ASSIGNED TASK –
Show every line of the data where the word "with" can be found.

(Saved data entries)
☆ ☆ ☆ ☆

(* Let $\gamma\in(2/3,1)$ and consider the TBRW started at a finite initial condition $(T,x)$ with $\mathcal L_n=\mathrm{Ber}(n^{-\gamma})$. Then for every $\varepsilon<\frac{\gamma}{1-\gamma}-2$, \[ \mathbb P_{T,x;\mathcal L}\big(\Delta\tau_i<i^{1+\varepsilon}\text{ for infinitely many } i\big)=0 . \]
   Context: Tree Builder Random Walk (TBRW). Let $\mathcal L=(\mathcal L_n)_{n\ge1}$ be a sequence of probability laws on $\{0,1,2,\dots\}$ and let $(T_0,x_0)$ be an initial condition: $T_0$ is a finite rooted tree with a single self-loop attached at its root, and $x_0$ is a vertex of $T_0$. Let $(Z_n)_{n\ge1}$ be independent random variables with $Z_n\sim\mathcal L_n$. The TBRW is the process $((T_n,X_n))_{n\ge0}$ with $(T_0,X_0)=(T_0,x_0)$ where, for $n\ge1$, $T_n$ is obtained from $T_{n-1}$ by attaching $Z_n$ new leaves to $X_{n-1}$, and then $X_n$ is obtained by one step of simple random walk on $T_n$ from $X_{n-1}$ (self-loop counted twice in degrees; moves along a uniformly chosen edge-end). Its law is $\mathbb P_{T_0,x_0;\mathcal L}$. Growth times: $\tau_0=0$, $\tau_k=\inf\{n>\tau_{k-1}:Z_n\ge1\}$; $\Delta\tau_k=\tau_{k+1}-\tau_k$. *)

theory Defs
  imports "HOL-Probability.Probability"
begin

☆ ☆ ☆ ☆

PROBLEM SOLUTION –
(* Let $\gamma\in(2/3,1)$ and consider the TBRW started at a finite initial condition $(T,x)$ with $\mathcal L_n=\mathrm{Ber}(n^{-\gamma})$. Then for every $\varepsilon<\frac{\gamma}{1-\gamma}-2$, \[ \mathbb P_{T,x;\mathcal L}\big(\Delta\tau_i<i^{1+\varepsilon}\text{ for infinitely many } i\big)=0 . \]
   Context: Tree Builder Random Walk (TBRW). Let $\mathcal L=(\mathcal L_n)_{n\ge1}$ be a sequence of probability laws on $\{0,1,2,\dots\}$ and let $(T_0,x_0)$ be an initial condition: $T_0$ is a finite rooted tree with a single self-loop attached at its root, and $x_0$ is a vertex of $T_0$. Let $(Z_n)_{n\ge1}$ be independent random variables with $Z_n\sim\mathcal L_n$. The TBRW is the process $((T_n,X_n))_{n\ge0}$ with $(T_0,X_0)=(T_0,x_0)$ where, for $n\ge1$, $T_n$ is obtained from $T_{n-1}$ by attaching $Z_n$ new leaves to $X_{n-1}$, and then $X_n$ is obtained by one step of simple random walk on $T_n$ from $X_{n-1}$ (self-loop counted twice in degrees; moves along a uniformly chosen edge-end). Its law is $\mathbb P_{T_0,x_0;\mathcal L}$. Growth times: $\tau_0=0$, $\tau_k=\inf\{n>\tau_{k-1}:Z_n\ge1\}$; $\Delta\tau_k=\tau_{k+1}-\tau_k$. *)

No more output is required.